Open Dimava opened 2 years ago

Dimava commented 2 years ago

Unlike most of other image formats which can not be compressed further, QOI can be considerably compressed with general compression algorithms Unlike other image formats which will generate highly binary different files for partially same images, QOI generates alike files, alloving to compress variant sets with insane compression (I've got 11MB .qoi.7z out of 4x 12MB pngs)

Variant set: A CG set depicting only a single scenery from a static perspective. (they often have 50-90% of same pixels)

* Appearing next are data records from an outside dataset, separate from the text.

(* Let $p=n^{\delta-1}$ with $0<\delta<1$, let $H$ be a graph on $m$ vertices with $m$ dividing $n$, and let $k'\le m$, $k'\le k\le n-m$ with $k-k'\ge 6n^{1-\delta}\log n$. Let $\tilde G_H\sim G_H(n,p,k)$, with planted vertex set $M$ and planted independent set $I'$ of size $k-k'$ among the vertices having no neighbor in $M$. For every integer $t$ with $1\le t\le\frac{k-k'}{2}$, with probability at least $1-2/n$, every set $Q\subset V\setminus(M\cup I')$ of vertices of $\tilde G_H[V\setminus M]$ with $|Q|=t<k-k'$ has at least $t+1$ neighbors in $I'$.
   Context: $G(n,p)$ is the Erdős–Rényi random graph on $V=[n]$. With $H$ on vertex set $[m]$, partition $[n]$ into parts $P_i=\{(i-1)\frac nm+1,\dots,i\frac nm\}$. Distribution $G_H(n,p,k)$: sample $G'\sim G(n,p)$; choose a uniformly random $M=\{v_1,\dots,v_m\}$ with $v_i\in P_i$ and replace $G'[M]$ by a copy of $H$ with vertex $i$ at $v_i$, giving $G_H$; among the vertices of $G_H$ with no neighbor in $M$, choose a uniformly random set $I'$ of size $k-k'$ and delete all edges inside $I'$, giving $\tilde G_H$ (if fewer than $k-k'$ such vertices exist, instead delete all edges inside a uniformly random set of $k$ vertices of $G_H$). *)

theory Defs
  imports "HOL-Probability.Probability"
begin

text \<open>Graphs on a vertex set are represented by their edge sets: sets of 2-element sets.
  Vertices are 0..n-1 (0-based version of [n]); H lives on 0..m-1.\<close>

definition all_edges :: "nat set \<Rightarrow> nat set set" where
  "all_edges V = {e. \<exists>u v. u \<in> V \<and> v \<in> V \<and> u \<noteq> v \<and> e = {u, v}}"

definition gnp_pmf :: "nat \<Rightarrow> real \<Rightarrow> nat set set pmf" where
  "gnp_pmf n p = map_pmf (\<lambda>f. {e \<in> all_edges {0..<n}. f e})
      (Pi_pmf (all_edges {0..<n}) False (\<lambda>_. bernoulli_pmf p))"

definition part :: "nat \<Rightarrow> nat \<Rightarrow> nat \<Rightarrow> nat set" where
  "part n m i = {i * (n div m) ..< (Suc i) * (n div m)}"

text \<open>Replace G'[M] by a copy of H with vertex i placed at v i.\<close>
definition plant :: "nat \<Rightarrow> nat set set \<Rightarrow> (nat \<Rightarrow> nat) \<Rightarrow> nat set set \<Rightarrow> nat set set" where
  "plant m H v E = {e \<in> E. \<not> e \<subseteq> v ` {0..<m}} \<union> (\<lambda>e. v ` e) ` H"

definition no_nbr :: "nat \<Rightarrow> nat set set \<Rightarrow> nat set \<Rightarrow> nat set" where
  "no_nbr n E M = {u \<in> {0..<n}. \<forall>w \<in> M. {u, w} \<notin> E}"

definition Iset_pmf :: "nat \<Rightarrow> nat \<Rightarrow> nat \<Rightarrow> nat set \<Rightarrow> nat set pmf" where
  "Iset_pmf n k k' W =
     (if k - k' \<le> card W then pmf_of_set {S. S \<subseteq> W \<and> card S = k - k'}
      else pmf_of_set {S. S \<subseteq> {0..<n} \<and> card S = k})"

definition delete_inside :: "nat set set \<Rightarrow> nat set \<Rightarrow> nat set set" where
  "delete_inside E I = {e \<in> E. \<not> e \<subseteq> I}"

definition GH_pmf :: "nat \<Rightarrow> nat \<Rightarrow> nat set set \<Rightarrow> real \<Rightarrow> nat \<Rightarrow> nat \<Rightarrow>
    (nat set set \<times> nat set \<times> nat set) pmf" where
  "GH_pmf n m H p k k' =
     bind_pmf (gnp_pmf n p) (\<lambda>E'.
     bind_pmf (pmf_of_set (PiE {0..<m} (part n m))) (\<lambda>v.
       let M = v ` {0..<m}; EH = plant m H v E' in
       bind_pmf (Iset_pmf n k k' (no_nbr n EH M)) (\<lambda>I.
         return_pmf (delete_inside EH I, M, I))))"

end

theory Submission
  imports Defs
begin

(* If a t-set Q outside M \<union> I' has at most t neighbours in I', then I' contains a set T of
   |I'| - t \<ge> (k - k')/2 vertices with no neighbour in Q. Edges between Q and I' are edges of
   G(n,p) that neither the planted copy of H nor the emptying of I' touches, so all t|T| edges
   between Q and T are missing from G', which has probability (1-p)^(t|T|) \<le> n^(-3t).
   This event is independent of the set of eligible vertices outside Q, and forcing I' to avoid Q
   can only make a fixed T \<subseteq> I' likelier than choosing I' among the eligible vertices outside Q.
   A union bound over the at most n^t sets Q and, for each I', the at most n^t sets T bounds the
   failure probability by n^(-t) \<le> 1/n. *)

lemma finite_all_edges: "finite V \<Longrightarrow> finite (all_edges V)"
  unfolding all_edges_def by (rule finite_subset[of _ "Pow V"]) auto

lemma nn_integral_gnp_pmf_indicator_disjoint:
  fixes F :: "nat set set \<Rightarrow> ennreal"
  assumes D: "D \<subseteq> all_edges {0..<n}" and p: "0 \<le> p" "p \<le> 1"
    and F: "\<And>E. F E = F (E - D)"
  shows "(\<integral>\<^sup>+E. F E * indicator {E. E \<inter> D = {}} E \<partial>gnp_pmf n p)
       = (\<integral>\<^sup>+E. F E \<partial>gnp_pmf n p) * ennreal ((1 - p) ^ card D)"
proof -
  define A where "A = all_edges {0..<n}"
  define B where "B X = Pi_pmf X False (\<lambda>_. bernoulli_pmf p)" for X :: "nat set set"
  define glue where "glue = (\<lambda>(f, g) x. if x \<in> A - D then f x else g x :: bool)"
  have finA: "finite A" and finD: "finite D"
    using D finite_all_edges finite_subset unfolding A_def by blast+
  have partition: "A = (A - D) \<union> D" using D A_def by auto
  have split: "B A = map_pmf glue (pair_pmf (B (A - D)) (B D))"
    unfolding B_def glue_def by (subst (1) partition, rule Pi_pmf_union) (use finA finD in auto)
  have outside: "{e \<in> A. glue (f, g) e} - D = {e \<in> A - D. f e}" for f g
    unfolding glue_def by auto
  have inside: "({e \<in> A. glue (f, g) e} \<inter> D = {}) = (g \<in> Pi D (\<lambda>_. {False}))" for f g
    unfolding glue_def using D A_def by auto
  have absent: "emeasure (B D) (Pi D (\<lambda>_. {False})) = ennreal ((1 - p) ^ card D)"
    unfolding B_def using finD p
    by (simp add: measure_pmf.emeasure_eq_measure measure_Pi_pmf_Pi measure_pmf_single)
  have "(\<integral>\<^sup>+E. F E * indicator {E. E \<inter> D = {}} E \<partial>gnp_pmf n p)
      = (\<integral>\<^sup>+f. \<integral>\<^sup>+g. F {e \<in> A - D. f e} * indicator (Pi D (\<lambda>_. {False})) g \<partial>B D \<partial>B (A - D))"
    unfolding gnp_pmf_def A_def[symmetric] B_def[symmetric] split
    by (simp add: nn_integral_pair_pmf' indicator_def inside F[of "{e \<in> A. glue _ e}"] outside
        del: Pi_iff)
  also have "\<dots> = (\<integral>\<^sup>+f. F {e \<in> A - D. f e} \<partial>B (A - D)) * ennreal ((1 - p) ^ card D)"
    by (simp add: nn_integral_cmult nn_integral_multc absent)
  also have "(\<integral>\<^sup>+f. F {e \<in> A - D. f e} \<partial>B (A - D)) = (\<integral>\<^sup>+E. F E \<partial>gnp_pmf n p)"
    unfolding gnp_pmf_def A_def[symmetric] B_def[symmetric] split
    by (simp add: nn_integral_pair_pmf' F[of "{e \<in> A. glue _ e}"] outside
        measure_pmf.emeasure_space_1)
  finally show ?thesis .
qed

lemma finite_subsets_card_eq: "finite W \<Longrightarrow> finite {S. S \<subseteq> W \<and> card S = s}"
  by (rule finite_subset[of _ "Pow W"]) auto

lemma subsets_card_eq_nonempty: "finite W \<Longrightarrow> s \<le> card W \<Longrightarrow> {S. S \<subseteq> W \<and> card S = s} \<noteq> {}"
  using n_subsets[of W s] zero_less_binomial[of s "card W"] by (metis card.empty less_irrefl)

lemma nn_integral_pmf_of_set_le_subset:
  assumes "finite B" "A \<noteq> {}" "A \<subseteq> B" "\<And>x. x \<in> B - A \<Longrightarrow> f x = 0"
  shows "(\<integral>\<^sup>+x. f x \<partial>pmf_of_set B) \<le> (\<integral>\<^sup>+x. f x \<partial>pmf_of_set A)"
proof -
  have finA: "finite A" using assms finite_subset by blast
  have cards: "0 < card A" "card A \<le> card B"
    using assms finA by (auto simp: card_gt_0_iff card_mono)
  have "inverse (of_nat (card B) :: ennreal) \<le> inverse (of_nat (card A))"
    using cards by (simp add: ennreal_of_nat_eq_real_of_nat inverse_ennreal le_imp_inverse_le)
  moreover have "sum f B = sum f A"
    using assms by (intro sum.mono_neutral_right) auto
  moreover have "B \<noteq> {}" using assms by blast
  ultimately show ?thesis
    using assms finA by (simp add: nn_integral_pmf_of_set divide_ennreal_def mult_left_mono)
qed

lemma nn_integral_Iset_pmf_disjoint_le:
  fixes f :: "nat set \<Rightarrow> ennreal"
  assumes W: "finite W"
  shows "(\<integral>\<^sup>+I. f I * indicator {I. Q \<inter> I = {}} I \<partial>Iset_pmf n k k' W)
       \<le> (\<integral>\<^sup>+I. f I \<partial>Iset_pmf n k k' (W - Q))"
proof -
  define s where "s = k - k'"
  define subs where "subs X = {S. S \<subseteq> X \<and> card S = s}" for X :: "nat set"
  have finW': "finite (W - Q)" using W by auto
  have cW: "card (W - Q) \<le> card W" using W by (simp add: card_mono)
  consider "s \<le> card (W - Q)" | "s \<le> card W" "\<not> s \<le> card (W - Q)" | "\<not> s \<le> card W"
    by linarith
  then show ?thesis
  proof cases
    case 1
    then have "(\<integral>\<^sup>+I. f I * indicator {I. Q \<inter> I = {}} I \<partial>pmf_of_set (subs W))
        \<le> (\<integral>\<^sup>+I. f I * indicator {I. Q \<inter> I = {}} I \<partial>pmf_of_set (subs (W - Q)))"
      using W finW' unfolding subs_def
      by (intro nn_integral_pmf_of_set_le_subset finite_subsets_card_eq subsets_card_eq_nonempty)
        (auto simp: indicator_def)
    also have "\<dots> \<le> (\<integral>\<^sup>+I. f I \<partial>pmf_of_set (subs (W - Q)))"
      by (intro nn_integral_mono) (simp add: indicator_def)
    finally show ?thesis using 1 cW unfolding Iset_pmf_def s_def[symmetric] subs_def by simp
  next
    case 2
    have "Q \<inter> S \<noteq> {}" if "S \<in> subs W" for S
    proof
      assume "Q \<inter> S = {}"
      then have "S \<subseteq> W - Q" using that unfolding subs_def by blast
      then show False using that 2 card_mono[OF finW'] unfolding subs_def by fastforce
    qed
    moreover have "subs W \<noteq> {}" "finite (subs W)"
      using 2 W subsets_card_eq_nonempty finite_subsets_card_eq unfolding subs_def by auto
    ultimately have "(\<integral>\<^sup>+I. f I * indicator {I. Q \<inter> I = {}} I \<partial>pmf_of_set (subs W)) = 0"
      by (simp add: nn_integral_pmf_of_set)
    then show ?thesis using 2 unfolding Iset_pmf_def s_def[symmetric] subs_def by simp
  next
    case 3
    then show ?thesis using cW unfolding Iset_pmf_def s_def[symmetric]
      by (auto intro!: nn_integral_mono simp: indicator_def)
  qed
qed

Please write the information about high compression rates for both single images and image sets in the readmes

AngusJohnson commented 2 years ago

Yes, I think this point could easily be missed.

In my testing, combining QOI with ZLib compression (QOZ) produces file sizes significantly smaller (roughly 10-25%) than when using PNG format. Of course this gives up most (but not all) of QOI's speed advantages, but QOZ still retains a significant (2-5 times) speed advantage when compressing.

oscardssmith commented 2 years ago

note that zlib is no longer a good choice for compression. QOI+ZSTD or QOI+LZ4 are going to give much better compression vs speed tradeoffs.

AngusJohnson commented 2 years ago

I chose ZLib because its libraries are so widely available and for simplicity of adoption.

oscardssmith commented 2 years ago

To me, that feels like a weird argument for an image format that's less than 2 months old.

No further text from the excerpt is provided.